It has been known for some time the oddly addictive nature that social media can have. Due to an explosion of social media popularity in the past decades, users all over the world have been experiencing this unexpected effect to varying degrees. Mobile devices have made it incredibly easy for users to access their social media accounts and this seems to only exacerbate the problem of social media addiction. The habit that can be built by being able to easily check your newsfeed literally at any moment of the day can be a particularly difficult one to break.
The widespread popularity of social media and the almost equally widespread symptoms of social media addiction have lead researchers to conduct numerous psychological studies that provide a rather comprehensive view of the problem that has developed as social media addiction.

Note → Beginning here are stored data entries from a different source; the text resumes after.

(* Consider an infinite-horizon discounted MDP with $V_{\max}=R_{\max}/(1-\gamma)$ whose action space $\mathcal{A}\subset\mathbb{R}^m$ is convex and compact with diameter $B$ and positive finite Lebesgue measure $\nu(\mathcal{A})$; all policies have densities with respect to the Lebesgue measure $\nu$. Let $\mathcal{F}$ be a class of functions $\mathcal{S}\times\mathcal{A}\to[0,V_{\max}]$. Run PSPI for $K$ iterations: $\pi_1(a\mid s)=1/\nu(\mathcal{A})$ for all $s,a$; at iteration $k$ the critic outputs some $f_k\in\mathcal{F}$ (possibly history-dependent) and $\pi_{k+1}(a\mid s)\propto\pi_k(a\mid s)\exp(\eta f_k(s,a))$. Assume $f_k(s,\cdot)$ is $L$-Lipschitz for all $k$ and $s$. Then with step size $\eta=\sqrt{8m\log K/(KV_{\max}^2)}$, for any comparator policy $\pi_{\mathrm{cp}}$, $$\frac{\mathrm{Reg}_K}{K}\le V_{\max}\sqrt{\frac{m\log K}{2K}}+\frac{LB}{K},\qquad \mathrm{Reg}_K=\sum_{k=1}^K\mathbb{E}_{s\sim d^{\pi_{\mathrm{cp}}}}\bigl[f_k(s,\pi_{\mathrm{cp}})-f_k(s,\pi_k)\bigr].$$
   Context: $d^\pi(s)$ is the state marginal of the discounted occupancy $d^\pi(s,a)=(1-\gamma)\sum_{t\ge0}\gamma^t\Pr_\pi(s_t=s,a_t=a)$; $f(s,\pi)=\mathbb{E}_{a\sim\pi(\cdot|s)}f(s,a)$. Lipschitz continuity and diameter are with respect to the Euclidean norm on $\mathbb{R}^m$. *)

theory Defs
  imports "HOL-Analysis.Analysis" "HOL-Probability.Probability"
begin

text \<open>Policies are densities (w.r.t. Lebesgue measure lborel on real^'m) over actions,
  given as functions pi s a. The expected value f(s,pi) = E_{a ~ pi(.|s)} f(s,a).\<close>

definition pol_val :: "('s \<Rightarrow> 'a::euclidean_space \<Rightarrow> real) \<Rightarrow> ('s \<Rightarrow> 'a \<Rightarrow> real) \<Rightarrow> 's \<Rightarrow> real" where
  "pol_val f pol s = (LINT a|lborel. pol s a * f s a)"

text \<open>PSPI policies, indexed as in the paper: pspi eta A f 1 = pi_1 (uniform on A),
  pspi eta A f (k+1) proportional to pspi eta A f k * exp(eta * f k).
  (Index 0 is unused; it is set to the uniform density as well.)\<close>

fun pspi :: "real \<Rightarrow> 'a::euclidean_space set \<Rightarrow> (nat \<Rightarrow> 's \<Rightarrow> 'a \<Rightarrow> real) \<Rightarrow> nat \<Rightarrow> 's \<Rightarrow> 'a \<Rightarrow> real" where
  "pspi \<eta> A f 0 = (\<lambda>s a. indicator A a / measure lborel A)"
| "pspi \<eta> A f (Suc 0) = (\<lambda>s a. indicator A a / measure lborel A)"
| "pspi \<eta> A f (Suc (Suc j)) =
     (\<lambda>s a. pspi \<eta> A f (Suc j) s a * exp (\<eta> * f (Suc j) s a) /
            (LINT b|lborel. pspi \<eta> A f (Suc j) s b * exp (\<eta> * f (Suc j) s b)))"

text \<open>Marginal distribution of s_t under policy pol, initial distribution mu0 and
  transition kernel P (P s a is the distribution of the next state).\<close>

primrec state_dist :: "'s measure \<Rightarrow> ('s \<Rightarrow> 'a::euclidean_space \<Rightarrow> 's measure) \<Rightarrow> ('s \<Rightarrow> 'a \<Rightarrow> real) \<Rightarrow> nat \<Rightarrow> 's measure" where
  "state_dist mu0 P pol 0 = mu0"
| "state_dist mu0 P pol (Suc t) =
     state_dist mu0 P pol t \<bind> (\<lambda>s. density lborel (\<lambda>a. ennreal (pol s a)) \<bind> (\<lambda>a. P s a))"

text \<open>E_{s ~ d^pol}[g s] for the discounted state occupancy
  d^pol = (1-gamma) sum_t gamma^t Pr(s_t = .).\<close>

definition occ_expect :: "real \<Rightarrow> 's measure \<Rightarrow> ('s \<Rightarrow> 'a::euclidean_space \<Rightarrow> 's measure) \<Rightarrow> ('s \<Rightarrow> 'a \<Rightarrow> real) \<Rightarrow> ('s \<Rightarrow> real) \<Rightarrow> real" where
  "occ_expect \<gamma> mu0 P pol g = (1 - \<gamma>) * (\<Sum>t. \<gamma> ^ t * (\<integral>s. g s \<partial>(state_dist mu0 P pol t)))"

end

(*
  In a fixed state s, PSPI is exponential weights over the action set A:
  pi_k(.|s) is proportional to 1_A exp(eta S_k) with S_k = f_1 + ... + f_(k-1).
  For the normalizers Z_k, Hoeffding's lemma gives
  ln Z_(k+1) - ln Z_k <= eta E_(pi_k) f_k + eta^2 V^2 / 8, which telescopes.
  Conversely, for every a in A the shrunk copy a + eps (A - a) of A has volume eps^m |A|,
  and on it S_(K+1) >= S_(K+1)(a) - K L eps B by the Lipschitz bound, so
  ln Z_(K+1) >= m ln eps + ln |A| + eta (S_(K+1)(a) - K L eps B).
  Averaging the comparison over a under the comparator bounds the regret in state s by
  m ln(1/eps) / eta + K eta V^2 / 8 + K L eps B, i.e. by K V sqrt(m ln K / (2K)) + L B
  for eps = 1/K and the tuned eta. The regret of the theorem is the average of these
  per-state regrets under the discounted occupancy, a probability measure.
*)
theory Submission
  imports Defs
begin

section \<open>Densities on a set of actions\<close>

definition density_on :: "'a::euclidean_space set \<Rightarrow> ('a \<Rightarrow> real) \<Rightarrow> bool" where
  "density_on A w \<longleftrightarrow>
     integrable lborel w \<and> (\<forall>a. 0 \<le> w a) \<and> (\<forall>a. a \<notin> A \<longrightarrow> w a = 0) \<and> (LINT a|lborel. w a) = 1"

lemma density_onI:
  "integrable lborel w \<Longrightarrow> (\<And>a. 0 \<le> w a) \<Longrightarrow> (\<And>a. a \<notin> A \<Longrightarrow> w a = 0) \<Longrightarrow>
    (LINT a|lborel. w a) = 1 \<Longrightarrow> density_on A w"
  by (simp add: density_on_def)

lemma
  assumes "density_on A w"
  shows density_on_integrable: "integrable lborel w"
    and density_on_measurable: "w \<in> borel_measurable lborel"
    and density_on_nonneg: "0 \<le> w a"
    and density_on_outside: "a \<notin> A \<Longrightarrow> w a = 0"
    and density_on_integral: "(LINT a|lborel. w a) = 1"
  using assms by (auto simp: density_on_def)

lemma density_on_integrable_mult:
  assumes w: "density_on A w" and h: "h \<in> borel_measurable lborel" and B: "\<And>a. a \<in> A \<Longrightarrow> \<bar>h a\<bar> \<le> B"
  shows "integrable lborel (\<lambda>a. w a * h a)"
proof (rule Bochner_Integration.integrable_bound[of lborel "\<lambda>a. B * w a"])
  show "integrable lborel (\<lambda>a. B * w a)" using density_on_integrable[OF w] by simp
  show "(\<lambda>a. w a * h a) \<in> borel_measurable lborel"
    using density_on_measurable[OF w] h by measurable
  show "AE a in lborel. norm (w a * h a) \<le> norm (B * w a)"
  proof (rule AE_I2)
    fix a
    show "norm (w a * h a) \<le> norm (B * w a)"
    proof (cases "a \<in> A")
      case True
      then have "0 \<le> B" using B order_trans abs_ge_zero by blast
      then show ?thesis
        using mult_left_mono[OF B[OF True] density_on_nonneg[OF w]] density_on_nonneg[OF w, of a]
        by (simp add: abs_mult mult.commute)
    qed (simp add: density_on_outside[OF w])
  qed
qed

lemma density_on_integral_le:
  assumes w: "density_on A w" and wh: "integrable lborel (\<lambda>a. w a * h a)" and d: "\<And>a. a \<in> A \<Longrightarrow> h a \<le> d"
  shows "(LINT a|lborel. w a * h a) \<le> d"
proof -
  have "(LINT a|lborel. w a * h a) \<le> (LINT a|lborel. w a * d)"
  proof (rule integral_mono)
    fix a
    show "w a * h a \<le> w a * d"
      using d[of a] density_on_nonneg[OF w, of a] density_on_outside[OF w, of a]
      by (cases "a \<in> A") (auto intro: mult_left_mono)
  qed (use wh density_on_integrable[OF w] in auto)
  then show ?thesis using density_on_integral[OF w] by simp
qed

lemma density_on_integral_ge:
  assumes w: "density_on A w" and wh: "integrable lborel (\<lambda>a. w a * h a)" and c: "\<And>a. a \<in> A \<Longrightarrow> c \<le> h a"
  shows "c \<le> (LINT a|lborel. w a * h a)"
  using density_on_integral_le[OF w, of "\<lambda>a. - h a" "- c"] wh c by simp

lemma prob_space_density_on:
  assumes "density_on A w"
  shows "prob_space (density lborel (\<lambda>a. ennreal (w a)))"
proof (rule prob_spaceI)
  have "emeasure (density lborel (\<lambda>a. ennreal (w a))) UNIV = ennreal (LINT a|lborel. w a)"
    using density_on_measurable[OF assms] density_on_integrable[OF assms] density_on_nonneg[OF assms]
    by (simp add: emeasure_density nn_integral_eq_integral)
  then show "emeasure (density lborel (\<lambda>a. ennreal (w a))) (space (density lborel (\<lambda>a. ennreal (w a)))) = 1"
    using density_on_integral[OF assms] by simp
qed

A notable example is the website 99 Days of Freedom, which encourages users to sign up for their “experiment” that involves essentially boycotting Facebook for 99 days. The findings of the 99 Days experiment have been so interesting that Cornell University used data it collected to analyze this difficulty users have when trying to quit social media. The study even coined the term “social media reversion” to describe this failure to stop Facebooking. The data provided by 99 Days has consistently shown that many users who wanted to, fully intended and believed they could quit were ultimately unable to stop for more than just a few days.
What may be even more interesting, and perhaps unsettling, is what 99 Days of Freedom claims to be responding to directly. That is, Facebook’s apparently clandestine experiment to intentionally manipulate the emotions of its users without their knowledge or official consent. The incident from 2014 involved Facebook admission of studying the effect that occurred when reducing user’s exposure to their friend’s positive or negative posts and seeing the correlating effect in the user’s own feed.
Not surprisingly, Facebook discovered that people who viewed predominantly negative posts tended to post more negatively and vice versa. What perhaps they didn’t anticipate, though undoubtedly should have, was that users responded especially negatively to major conglomerates messing with their personal lives for the sake of curiosity.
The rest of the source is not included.